* _EXERCISE_:
Where the records below reach the line containing "text \<open>Words in", start transcribing, and end with the line containing "text \<open>x (indexed", exactly and with nothing else added.

(STUDY MATERIAL)

(* Let $q\ge 2$, $n\ge1$, $d_X\ge1$, $d_Z\ge 1$ be integers, and let $C\subseteq\{0,1,\dots,q-1\}^n$ be a classical code with minimum Hamming distance at least $d_X$ and with $|C|\ge 2V_q(d_Z-1)$. Enumerate $C=\{{\bf c}_1,\dots,{\bf c}_m\}$ and let $A$ be the real matrix with $m$ columns whose rows are: one row of all ones; and, for each ${\bf z}\in\{0,\dots,q-1\}^n$ with $1\le\mathrm{wt}({\bf z})\le d_Z-1$, the two rows with $k$-th entries $\cos(2\pi\,{\bf z}^T{\bf c}_k/q)$ and $\sin(2\pi\,{\bf z}^T{\bf c}_k/q)$. Then $A$ has a nonzero real kernel vector, and for every nonzero ${\bf x}\in\ker(A)\subseteq\mathbb{R}^m$, setting $x_k^+=\max\{x_k,0\}$, $x_k^-=\max\{-x_k,0\}$, $x=\sum_k x_k^+$ and $$|0_L\rangle=\frac{1}{\sqrt{x}}\sum_{k=1}^m\sqrt{x_k^+}\,|{\bf c}_k\rangle,\qquad |1_L\rangle=\frac{1}{\sqrt{x}}\sum_{k=1}^m\sqrt{x_k^-}\,|{\bf c}_k\rangle,$$ the span of $|0_L\rangle,|1_L\rangle$ is a quantum code encoding one logical qubit with bit-flip distance $d_X$ and phase-flip distance $d_Z$; that is, $|0_L\rangle,|1_L\rangle$ are orthonormal, supported on disjoint subsets of $C$, and for every generalized Pauli operator $P=X^{\bf a}Z^{\bf b}$ with $\mathrm{wt}({\bf a})\le d_X-1$ and $\mathrm{wt}({\bf b})\le d_Z-1$ there is a constant $c_P\in\mathbb{C}$ with $\langle i_L|P|j_L\rangle=c_P\,\delta_{ij}$ for all $i,j\in\{0,1\}$.
   Context: Let $\omega=e^{2\pi i/q}$. On $\mathbb{C}^q$ with orthonormal basis $|0\rangle,\dots,|q-1\rangle$, $Z=\sum_{j=0}^{q-1}\omega^j|j\rangle\langle j|$ and $X=\sum_{j\in\mathbb{Z}_q}|j\rangle\langle j+1|$ (indices mod $q$). For ${\bf a},{\bf b}\in\{0,\dots,q-1\}^n$, $X^{\bf a}Z^{\bf b}=\bigotimes_{i=1}^n X^{a_i}Z^{b_i}$; $\mathrm{wt}$ denotes Hamming weight. For ${\bf c}\in\{0,\dots,q-1\}^n$, $|{\bf c}\rangle=|c_1\rangle\otimes\cdots\otimes|c_n\rangle$ and ${\bf z}^T{\bf c}=\sum_iz_ic_i$. $V_q(r)=\sum_{w=0}^r\binom{n}{w}(q-1)^w$ is the volume of the $q$-ary Hamming ball of radius $r$. *)

theory Defs
  imports Complex_Main
begin

text \<open>Words in {0,...,q-1}^n, represented as functions nat => nat that are
  zero outside the index range {0..<n}.\<close>
definition words :: "nat \<Rightarrow> nat \<Rightarrow> (nat \<Rightarrow> nat) set" where
  "words q n = {c. (\<forall>i<n. c i < q) \<and> (\<forall>i\<ge>n. c i = 0)}"

definition wt :: "nat \<Rightarrow> (nat \<Rightarrow> nat) \<Rightarrow> nat" where
  "wt n z = card {i\<in>{0..<n}. z i \<noteq> 0}"

definition hdist :: "nat \<Rightarrow> (nat \<Rightarrow> nat) \<Rightarrow> (nat \<Rightarrow> nat) \<Rightarrow> nat" where
  "hdist n c c' = card {i\<in>{0..<n}. c i \<noteq> c' i}"

definition min_dist_ge :: "nat \<Rightarrow> (nat \<Rightarrow> nat) set \<Rightarrow> nat \<Rightarrow> bool" where
  "min_dist_ge n C d = (\<forall>c\<in>C. \<forall>c'\<in>C. c \<noteq> c' \<longrightarrow> d \<le> hdist n c c')"

definition Vq :: "nat \<Rightarrow> nat \<Rightarrow> nat \<Rightarrow> nat" where
  "Vq q n r = (\<Sum>w=0..r. (n choose w) * (q - 1) ^ w)"

definition dotp :: "nat \<Rightarrow> (nat \<Rightarrow> nat) \<Rightarrow> (nat \<Rightarrow> nat) \<Rightarrow> nat" where
  "dotp n z c = (\<Sum>i<n. z i * c i)"

text \<open>x (indexed by 0..<m, m = length cs, cs the enumeration of C) lies in the
  kernel of the matrix A: all-ones row, and the cos/sin rows for each z with
  1 <= wt z <= dZ - 1.\<close>
definition in_ker_A :: "nat \<Rightarrow> nat \<Rightarrow> nat \<Rightarrow> (nat \<Rightarrow> nat) list \<Rightarrow> (nat \<Rightarrow> real) \<Rightarrow> bool" where
  "in_ker_A q n dZ cs x \<longleftrightarrow>
     (\<Sum>k<length cs. x k) = 0 \<and>
     (\<forall>z\<in>words q n. 1 \<le> wt n z \<and> wt n z \<le> dZ - 1 \<longrightarrow>
        (\<Sum>k<length cs. cos (2 * pi * real (dotp n z (cs ! k)) / real q) * x k) = 0 \<and>
        (\<Sum>k<length cs. sin (2 * pi * real (dotp n z (cs ! k)) / real q) * x k) = 0)"

text \<open>States of (C^q)^{\<otimes> n}: functions from basis words to complex amplitudes.\<close>
type_synonym state = "(nat \<Rightarrow> nat) \<Rightarrow> complex"

definition inner_st :: "nat \<Rightarrow> nat \<Rightarrow> state \<Rightarrow> state \<Rightarrow> complex" where
  "inner_st q n \<phi> \<psi> = (\<Sum>w\<in>words q n. cnj (\<phi> w) * \<psi> w)"

definition xplus :: "(nat \<Rightarrow> real) \<Rightarrow> nat \<Rightarrow> real" where
  "xplus x k = max (x k) 0"

definition xminus :: "(nat \<Rightarrow> real) \<Rightarrow> nat \<Rightarrow> real" where
  "xminus x k = max (- x k) 0"

definition ket0L :: "(nat \<Rightarrow> nat) list \<Rightarrow> (nat \<Rightarrow> real) \<Rightarrow> state" where
  "ket0L cs x = (\<lambda>w. (\<Sum>k<length cs. if cs ! k = w then
      complex_of_real (sqrt (xplus x k) / sqrt (\<Sum>j<length cs. xplus x j)) else 0))"

definition ket1L :: "(nat \<Rightarrow> nat) list \<Rightarrow> (nat \<Rightarrow> real) \<Rightarrow> state" where
  "ket1L cs x = (\<lambda>w. (\<Sum>k<length cs. if cs ! k = w then
      complex_of_real (sqrt (xminus x k) / sqrt (\<Sum>j<length cs. xplus x j)) else 0))"

text \<open>Single-qudit q x q matrices, as functions on indices {0..<q}.\<close>
definition omega :: "nat \<Rightarrow> complex" where
  "omega q = cis (2 * pi / real q)"

definition Zmat :: "nat \<Rightarrow> nat \<Rightarrow> nat \<Rightarrow> complex" where
  "Zmat q i j = (if i = j then omega q ^ j else 0)"

definition Xmat :: "nat \<Rightarrow> nat \<Rightarrow> nat \<Rightarrow> complex" where
  "Xmat q i j = (if j = (i + 1) mod q then 1 else 0)"

definition mmult :: "nat \<Rightarrow> (nat \<Rightarrow> nat \<Rightarrow> complex) \<Rightarrow> (nat \<Rightarrow> nat \<Rightarrow> complex) \<Rightarrow> nat \<Rightarrow> nat \<Rightarrow> complex" where
  "mmult q A B = (\<lambda>i j. \<Sum>k<q. A i k * B k j)"
lemma unit_mean_shift:
  fixes F :: "real \<Rightarrow> ennreal"
  assumes [measurable]: "F \<in> borel_measurable borel"
    and periodic: "\<And>t. F (t + 1) = F t" and h: "0 \<le> h" "h \<le> 1"
  shows "unit_mean (\<lambda>t. F (t + h)) = unit_mean F"
proof -
  have translate: "(\<integral>\<^sup>+t. indicator {a - h..<b - h} t * F (t + h) \<partial>lborel)
      = (\<integral>\<^sup>+u. indicator {a..<b} u * F u \<partial>lborel)" for a b
    using nn_integral_real_affine[of "\<lambda>u. indicator {a..<b} u * F u" 1 h]
    by (simp add: indicator_def add.commute algebra_simps)
  have wrap: "(\<integral>\<^sup>+u. indicator {1..<1 + h} u * F u \<partial>lborel)
      = (\<integral>\<^sup>+u. indicator {0..<h} u * F u \<partial>lborel)"
    using nn_integral_real_affine[of "\<lambda>u. indicator {1..<1 + h} u * F u" 1 1]
    by (simp add: indicator_def add.commute periodic)
  have "unit_mean (\<lambda>t. F (t + h))
      = (\<integral>\<^sup>+t. indicator {0..<1 - h} t * F (t + h) + indicator {1 - h..<1} t * F (t + h) \<partial>lborel)"
    using h by (intro nn_integral_cong) (auto simp: indicator_def)
  also have "\<dots> = (\<integral>\<^sup>+u. indicator {h..<1} u * F u \<partial>lborel) + (\<integral>\<^sup>+u. indicator {0..<h} u * F u \<partial>lborel)"
    using translate[of h 1] translate[of 1 "1 + h"] wrap by (subst nn_integral_add) auto
  also have "\<dots> = (\<integral>\<^sup>+u. indicator {h..<1} u * F u + indicator {0..<h} u * F u \<partial>lborel)"
    by (rule nn_integral_add[symmetric]) auto
  also have "\<dots> = unit_mean F"
    using h by (intro nn_integral_cong) (auto simp: indicator_def)
  finally show ?thesis .
qed
theorem lemma6:
  fixes E :: "'a \<Rightarrow> 'a \<Rightarrow> bool"
  assumes "simple_graph E"
    and "ricci_flat E"
    and "\<forall>v. degree E v \<le> 4"
    and "E x y"
  shows "\<not> (edge_in_cycle E 3 x y \<and> edge_in_cycle E 4 x y)"
proof
  note sg = assms(1) and deg = assms(3)[rule_format] and sym = simple_graph_sym[OF assms(1)]
  assume "edge_in_cycle E 3 x y \<and> edge_in_cycle E 4 x y"
  then obtain z u w where xz: "E x z" and yz: "E y z"
    and yu: "E y u" and uw: "E u w" and wx: "E w x" and "distinct [x, y, u, w]"
    using edge_in_cycle_3_common_neighbour[OF sg] edge_in_cycle_4_path[OF sg] by metis
  consider "z = w" | "z = u" | "z \<noteq> u" "z \<noteq> w" by blast
  then have "\<not> ricci_flat E"
  proof cases
    case 1
    then show ?thesis
      using not_ricci_flat_triangle_bridge[OF sg deg deg, of y w x u u] \<open>distinct [x, y, u, w]\<close>
        yz xz yu uw sym \<open>E x y\<close> by auto
  next
    case 2
    then show ?thesis
      using not_ricci_flat_triangle_bridge[OF sg deg deg, of x u y w w] \<open>distinct [x, y, u, w]\<close>
        xz yz uw wx sym \<open>E x y\<close> by auto
  next
    case 3
    then show ?thesis
      using not_ricci_flat_triangle_bridge[OF sg deg deg \<open>E x y\<close> xz yz sym[OF wx] yu]
        \<open>distinct [x, y, u, w]\<close> uw sym by auto
  qed
  then show False using assms(2) by contradiction
qed

end
(* Let $R$ be a commutative Noetherian ring and let $a_{ij},\ell_{ij}$ ($1\le i\le 2$, $1\le j\le 3$), $\psi_{12},\psi_{13},\psi_{23},z_1,z_2$ be elements of $R$. Let $\mathbb Q$ be the sequence of $R$-module homomorphisms $$0\to R^2\xrightarrow{q_3}R^6\xrightarrow{q_2}R^5\xrightarrow{q_1}R$$ given by the matrices described below. Then $\mathbb Q$ is a complex (i.e. $q_1q_2=0$ and $q_2q_3=0$). Furthermore, if the ideal of $R$ generated by the five entries of $q_1$ has grade at least three, then $\mathbb Q$ is acyclic (i.e. $\operatorname{H}_j(\mathbb Q)=0$ for $j\ge 1$).
   Context: Write $A=(a_{ij})$ and $L=(\ell_{ij})$ for the $2\times 3$ matrices, $P=(\psi_{23},-\psi_{13},\psi_{12})^{\rm T}$, $[ij|kl]_{a\ell}$ notation is avoided; instead write $N=\sum_{i=1}^3(a_{1i}\ell_{2i}-a_{2i}\ell_{1i})$. The $1\times 5$ matrix is $q_1=[\,g_1\ g_2\ g_3\ g_4\ g_5\,]$ with $g_1=-\det\begin{bmatrix}\psi_{23}&-\psi_{13}&\psi_{12}\\ \ell_{11}&\ell_{12}&\ell_{13}\\ \ell_{21}&\ell_{22}&\ell_{23}\end{bmatrix}-z_2N-z_2z_1$, $g_2=P^{\rm T}A^{\rm T}\begin{bmatrix}\ell_{21}\\-\ell_{11}\end{bmatrix}-z_2(a_{12}a_{23}-a_{13}a_{22})+z_1\psi_{23}$, $g_3=P^{\rm T}A^{\rm T}\begin{bmatrix}\ell_{22}\\-\ell_{12}\end{bmatrix}+z_2(a_{11}a_{23}-a_{13}a_{21})-z_1\psi_{13}$, $g_4=P^{\rm T}A^{\rm T}\begin{bmatrix}\ell_{23}\\-\ell_{13}\end{bmatrix}-z_2(a_{11}a_{22}-a_{12}a_{21})+z_1\psi_{12}$, $g_5=-\det(AL^{\rm T})-z_1N-z_1^2$. The $5\times 6$ matrix $q_2$ has columns $C_1,\dots,C_6$ (entries listed from row 1 to row 5): $C_1=(\psi_{12}a_{23}-\psi_{13}a_{22}+\psi_{23}a_{21},\ -\ell_{22}\psi_{12}-\ell_{23}\psi_{13}+z_2a_{21},\ \ell_{21}\psi_{12}-\ell_{23}\psi_{23}+z_2a_{22},\ \ell_{21}\psi_{13}+\ell_{22}\psi_{23}+z_2a_{23},\ 0)$; $C_2=(-\psi_{12}a_{13}+\psi_{13}a_{12}-\psi_{23}a_{11},\ \psi_{12}\ell_{12}+\psi_{13}\ell_{13}-z_2a_{11},\ -\psi_{12}\ell_{11}+\psi_{23}\ell_{13}-z_2a_{12},\ -\psi_{13}\ell_{11}-\psi_{23}\ell_{12}-z_2a_{13},\ 0)$; $C_3=(z_1,\ \ell_{12}\ell_{23}-\ell_{13}\ell_{22},\ -(\ell_{11}\ell_{23}-\ell_{13}\ell_{21}),\ \ell_{11}\ell_{22}-\ell_{12}\ell_{21},\ -z_2)$; $C_4=(a_{12}a_{23}-a_{13}a_{22},\ -(a_{12}\ell_{22}-a_{22}\ell_{12})-(a_{13}\ell_{23}-a_{23}\ell_{13})-z_1,\ a_{12}\ell_{21}-a_{22}\ell_{11},\ a_{13}\ell_{21}-a_{23}\ell_{11},\ -\psi_{23})$; $C_5=(-(a_{11}a_{23}-a_{13}a_{21}),\ a_{11}\ell_{22}-a_{21}\ell_{12},\ -(a_{11}\ell_{21}-a_{21}\ell_{11})-(a_{13}\ell_{23}-a_{23}\ell_{13})-z_1,\ a_{13}\ell_{22}-a_{23}\ell_{12},\ \psi_{13})$; $C_6=(a_{11}a_{22}-a_{12}a_{21},\ a_{11}\ell_{23}-a_{21}\ell_{13},\ a_{12}\ell_{23}-a_{22}\ell_{13},\ -(a_{11}\ell_{21}-a_{21}\ell_{11})-(a_{12}\ell_{22}-a_{22}\ell_{12})-z_1,\ -\psi_{12})$. The $6\times 2$ matrix $q_3$ has rows (first column entry; second column entry): row 1: $a_{11}\ell_{11}+a_{12}\ell_{12}+a_{13}\ell_{13}$; $a_{11}\ell_{21}+a_{12}\ell_{22}+a_{13}\ell_{23}+z_1$; row 2: $a_{21}\ell_{11}+a_{22}\ell_{12}+a_{23}\ell_{13}-z_1$; $a_{21}\ell_{21}+a_{22}\ell_{22}+a_{23}\ell_{23}$; row 3: $-a_{11}\psi_{23}+a_{12}\psi_{13}-a_{13}\psi_{12}$; $-a_{21}\psi_{23}+a_{22}\psi_{13}-a_{23}\psi_{12}$; row 4: $-\ell_{12}\psi_{12}-\ell_{13}\psi_{13}+z_2a_{11}$; $-\ell_{22}\psi_{12}-\ell_{23}\psi_{13}+z_2a_{21}$; row 5: $\ell_{11}\psi_{12}-\ell_{13}\psi_{23}+z_2a_{12}$; $\ell_{21}\psi_{12}-\ell_{23}\psi_{23}+z_2a_{22}$; row 6: $\ell_{11}\psi_{13}+\ell_{12}\psi_{23}+z_2a_{13}$; $\ell_{21}\psi_{13}+\ell_{22}\psi_{23}+z_2a_{23}$. (This is the matrix form, with respect to fixed bases, of the paper's coordinate-free complex built from maps $\phi:F\to G$, $\ell:F^*\to G$, $\psi\in\bigwedge^2F^*$, $\zeta=z_1\beta_1\wedge\beta_2\in\bigwedge^2G$, $z_2\in R$ with $\operatorname{rank}F=3$, $\operatorname{rank}G=2$.) A complex $\cdots\to C_1\to C_0\to 0$ is acyclic if $\operatorname{H}_j=0$ for all $j\ge1$. *)

theory Defs
  imports "Jordan_Normal_Form.Determinant"
begin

(End STUDY MATERIAL)

* _SOLUTION TO THIS EXERCISE_:
text \<open>Words in {0,...,q-1}^n, represented as functions nat => nat that are
  zero outside the index range {0..<n}.\<close>
definition words :: "nat \<Rightarrow> nat \<Rightarrow> (nat \<Rightarrow> nat) set" where
  "words q n = {c. (\<forall>i<n. c i < q) \<and> (\<forall>i\<ge>n. c i = 0)}"

definition wt :: "nat \<Rightarrow> (nat \<Rightarrow> nat) \<Rightarrow> nat" where
  "wt n z = card {i\<in>{0..<n}. z i \<noteq> 0}"

definition hdist :: "nat \<Rightarrow> (nat \<Rightarrow> nat) \<Rightarrow> (nat \<Rightarrow> nat) \<Rightarrow> nat" where
  "hdist n c c' = card {i\<in>{0..<n}. c i \<noteq> c' i}"

definition min_dist_ge :: "nat \<Rightarrow> (nat \<Rightarrow> nat) set \<Rightarrow> nat \<Rightarrow> bool" where
  "min_dist_ge n C d = (\<forall>c\<in>C. \<forall>c'\<in>C. c \<noteq> c' \<longrightarrow> d \<le> hdist n c c')"

definition Vq :: "nat \<Rightarrow> nat \<Rightarrow> nat \<Rightarrow> nat" where
  "Vq q n r = (\<Sum>w=0..r. (n choose w) * (q - 1) ^ w)"

definition dotp :: "nat \<Rightarrow> (nat \<Rightarrow> nat) \<Rightarrow> (nat \<Rightarrow> nat) \<Rightarrow> nat" where
  "dotp n z c = (\<Sum>i<n. z i * c i)"

text \<open>x (indexed by 0..<m, m = length cs, cs the enumeration of C) lies in the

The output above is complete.